lemma nn_cond_exp_SUP:
  fixes g :: "nat \<Rightarrow> 'a \<Rightarrow> ennreal"
  assumes inc: "incseq g" and g[measurable]: "\<And>m. g m \<in> borel_measurable M"
  shows "AE \<omega> in M. nn_cond_exp M F (\<lambda>\<omega>. SUP m. g m \<omega>) \<omega> = (SUP m. nn_cond_exp M F (g m) \<omega>)"
proof -
  have g_Suc: "g m \<omega> \<le> g (Suc m) \<omega>" for m \<omega>
    using inc by (simp add: incseq_Suc_iff le_fun_def)
  have cond_exp_Suc: "AE \<omega> in M. nn_cond_exp M F (g m) \<omega> \<le> nn_cond_exp M F (g (Suc m)) \<omega>" for m
    by (rule nn_cond_exp_mono) (auto simp: g_Suc)
  have indicator_cond_exp_Suc: "AE \<omega> in M. indicator A \<omega> * nn_cond_exp M F (g m) \<omega>
      \<le> indicator A \<omega> * nn_cond_exp M F (g (Suc m)) \<omega>" for A m
    using cond_exp_Suc[of m] by eventually_elim (rule mult_left_mono, auto)
  have "AE \<omega> in M. (SUP m. nn_cond_exp M F (g m) \<omega>) = nn_cond_exp M F (\<lambda>\<omega>. SUP m. g m \<omega>) \<omega>"
  proof (rule nn_cond_exp_charact)
    fix A assume [measurable]: "A \<in> sets F"
    then have [measurable]: "A \<in> sets M"
      using subalg by (meson subalgebra_def subsetD)
    have "(\<integral>\<^sup>+ \<omega>\<in>A. (SUP m. g m \<omega>) \<partial>M) = (\<integral>\<^sup>+ \<omega>. (SUP m. indicator A \<omega> * g m \<omega>) \<partial>M)"
      by (simp add: SUP_mult_left_ennreal mult.commute)
    also have "\<dots> = (SUP m. \<integral>\<^sup>+ \<omega>. indicator A \<omega> * g m \<omega> \<partial>M)"
      by (rule nn_integral_monotone_convergence_SUP_AE) (auto intro!: mult_left_mono g_Suc)
    also have "\<dots> = (SUP m. \<integral>\<^sup>+ \<omega>. indicator A \<omega> * nn_cond_exp M F (g m) \<omega> \<partial>M)"
      by (simp add: nn_cond_exp_intg)
    also have "\<dots> = (\<integral>\<^sup>+ \<omega>. (SUP m. indicator A \<omega> * nn_cond_exp M F (g m) \<omega>) \<partial>M)"
      by (rule nn_integral_monotone_convergence_SUP_AE[symmetric]) (auto intro: indicator_cond_exp_Suc)
    also have "\<dots> = (\<integral>\<^sup>+ \<omega>\<in>A. (SUP m. nn_cond_exp M F (g m) \<omega>) \<partial>M)"
      by (simp add: SUP_mult_left_ennreal mult.commute)
    finally show "(\<integral>\<^sup>+ \<omega>\<in>A. (SUP m. g m \<omega>) \<partial>M)
        = (\<integral>\<^sup>+ \<omega>\<in>A. (SUP m. nn_cond_exp M F (g m) \<omega>) \<partial>M)" .
  qed auto
  then show ?thesis
    by eventually_elim simp
qed

lemma nn_cond_exp_liminf_le:
  fixes g :: "nat \<Rightarrow> 'a \<Rightarrow> ennreal"
  assumes [measurable]: "\<And>k. g k \<in> borel_measurable M"
  shows "AE \<omega> in M. nn_cond_exp M F (\<lambda>\<omega>. liminf (\<lambda>k. g k \<omega>)) \<omega>
           \<le> liminf (\<lambda>k. nn_cond_exp M F (g k) \<omega>)"
proof -
  define h where "h = (\<lambda>m \<omega>. INF k\<in>{m..}. g k \<omega>)"
  have [measurable]: "h m \<in> borel_measurable M" for m
    unfolding h_def by measurable
  have "incseq h"
    unfolding h_def by (intro monoI le_funI INF_superset_mono) auto
  then have SUP_h: "AE \<omega> in M. nn_cond_exp M F (\<lambda>\<omega>. SUP m. h m \<omega>) \<omega>
      = (SUP m. nn_cond_exp M F (h m) \<omega>)"
    by (rule nn_cond_exp_SUP) simp
  have "AE \<omega> in M. m \<le> k \<longrightarrow> nn_cond_exp M F (h m) \<omega> \<le> nn_cond_exp M F (g k) \<omega>" for m k
    by (cases "m \<le> k") (auto simp: h_def intro!: nn_cond_exp_mono INF_lower)
  then have "AE \<omega> in M. \<forall>m k. m \<le> k \<longrightarrow> nn_cond_exp M F (h m) \<omega> \<le> nn_cond_exp M F (g k) \<omega>"
    by (simp add: AE_all_countable)
  with SUP_h show ?thesis
  proof eventually_elim
    case (elim \<omega>)
    have "nn_cond_exp M F (\<lambda>\<omega>. liminf (\<lambda>k. g k \<omega>)) \<omega> = (SUP m. nn_cond_exp M F (h m) \<omega>)"
      using elim(1) by (simp add: liminf_SUP_INF h_def)
    also have "\<dots> \<le> (SUP m. INF k\<in>{m..}. nn_cond_exp M F (g k) \<omega>)"
      using elim(2) by (auto intro!: SUP_mono' INF_greatest)
    finally show ?case
      by (simp add: liminf_SUP_INF)
  qed
qed

end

» **Aim of the task**: Could you restate every entry above word for word?

» **Result**:
lemma nn_cond_exp_SUP:
  fixes g :: "nat \<Rightarrow> 'a \<Rightarrow> ennreal"
  assumes inc: "incseq g" and g[measurable]: "\<And>m. g m \<in> borel_measurable M"
  shows "AE \<omega> in M. nn_cond_exp M F (\<lambda>\<omega>. SUP m. g m \<omega>) \<omega> = (SUP m. nn_cond_exp M F (g m) \<omega>)"
proof -
  have g_Suc: "g m \<omega> \<le> g (Suc m) \<omega>" for m \<omega>
    using inc by (simp add: incseq_Suc_iff le_fun_def)
  have cond_exp_Suc: "AE \<omega> in M. nn_cond_exp M F (g m) \<omega> \<le> nn_cond_exp M F (g (Suc m)) \<omega>" for m
    by (rule nn_cond_exp_mono) (auto simp: g_Suc)
  have indicator_cond_exp_Suc: "AE \<omega> in M. indicator A \<omega> * nn_cond_exp M F (g m) \<omega>
      \<le> indicator A \<omega> * nn_cond_exp M F (g (Suc m)) \<omega>" for A m
    using cond_exp_Suc[of m] by eventually_elim (rule mult_left_mono, auto)
  have "AE \<omega> in M. (SUP m. nn_cond_exp M F (g m) \<omega>) = nn_cond_exp M F (\<lambda>\<omega>. SUP m. g m \<omega>) \<omega>"
  proof (rule nn_cond_exp_charact)
    fix A assume [measurable]: "A \<in> sets F"
    then have [measurable]: "A \<in> sets M"
      using subalg by (meson subalgebra_def subsetD)
    have "(\<integral>\<^sup>+ \<omega>\<in>A. (SUP m. g m \<omega>) \<partial>M) = (\<integral>\<^sup>+ \<omega>. (SUP m. indicator A \<omega> * g m \<omega>) \<partial>M)"
      by (simp add: SUP_mult_left_ennreal mult.commute)
    also have "\<dots> = (SUP m. \<integral>\<^sup>+ \<omega>. indicator A \<omega> * g m \<omega> \<partial>M)"
      by (rule nn_integral_monotone_convergence_SUP_AE) (auto intro!: mult_left_mono g_Suc)
    also have "\<dots> = (SUP m. \<integral>\<^sup>+ \<omega>. indicator A \<omega> * nn_cond_exp M F (g m) \<omega> \<partial>M)"
      by (simp add: nn_cond_exp_intg)
    also have "\<dots> = (\<integral>\<^sup>+ \<omega>. (SUP m. indicator A \<omega> * nn_cond_exp M F (g m) \<omega>) \<partial>M)"
      by (rule nn_integral_monotone_convergence_SUP_AE[symmetric]) (auto intro: indicator_cond_exp_Suc)
    also have "\<dots> = (\<integral>\<^sup>+ \<omega>\<in>A. (SUP m. nn_cond_exp M F (g m) \<omega>) \<partial>M)"
      by (simp add: SUP_mult_left_ennreal mult.commute)
    finally show "(\<integral>\<^sup>+ \<omega>\<in>A. (SUP m. g m \<omega>) \<partial>M)
        = (\<integral>\<^sup>+ \<omega>\<in>A. (SUP m. nn_cond_exp M F (g m) \<omega>) \<partial>M)" .
  qed auto
  then show ?thesis
    by eventually_elim simp
qed

lemma nn_cond_exp_liminf_le:
  fixes g :: "nat \<Rightarrow> 'a \<Rightarrow> ennreal"
  assumes [measurable]: "\<And>k. g k \<in> borel_measurable M"
  shows "AE \<omega> in M. nn_cond_exp M F (\<lambda>\<omega>. liminf (\<lambda>k. g k \<omega>)) \<omega>
           \<le> liminf (\<lambda>k. nn_cond_exp M F (g k) \<omega>)"
proof -
  define h where "h = (\<lambda>m \<omega>. INF k\<in>{m..}. g k \<omega>)"
  have [measurable]: "h m \<in> borel_measurable M" for m
    unfolding h_def by measurable
  have "incseq h"
    unfolding h_def by (intro monoI le_funI INF_superset_mono) auto
  then have SUP_h: "AE \<omega> in M. nn_cond_exp M F (\<lambda>\<omega>. SUP m. h m \<omega>) \<omega>
      = (SUP m. nn_cond_exp M F (h m) \<omega>)"
    by (rule nn_cond_exp_SUP) simp
  have "AE \<omega> in M. m \<le> k \<longrightarrow> nn_cond_exp M F (h m) \<omega> \<le> nn_cond_exp M F (g k) \<omega>" for m k
    by (cases "m \<le> k") (auto simp: h_def intro!: nn_cond_exp_mono INF_lower)
  then have "AE \<omega> in M. \<forall>m k. m \<le> k \<longrightarrow> nn_cond_exp M F (h m) \<omega> \<le> nn_cond_exp M F (g k) \<omega>"
    by (simp add: AE_all_countable)
  with SUP_h show ?thesis
  proof eventually_elim
    case (elim \<omega>)
    have "nn_cond_exp M F (\<lambda>\<omega>. liminf (\<lambda>k. g k \<omega>)) \<omega> = (SUP m. nn_cond_exp M F (h m) \<omega>)"
      using elim(1) by (simp add: liminf_SUP_INF h_def)
    also have "\<dots> \<le> (SUP m. INF k\<in>{m..}. nn_cond_exp M F (g k) \<omega>)"
      using elim(2) by (auto intro!: SUP_mono' INF_greatest)
    finally show ?case
      by (simp add: liminf_SUP_INF)
  qed
qed

end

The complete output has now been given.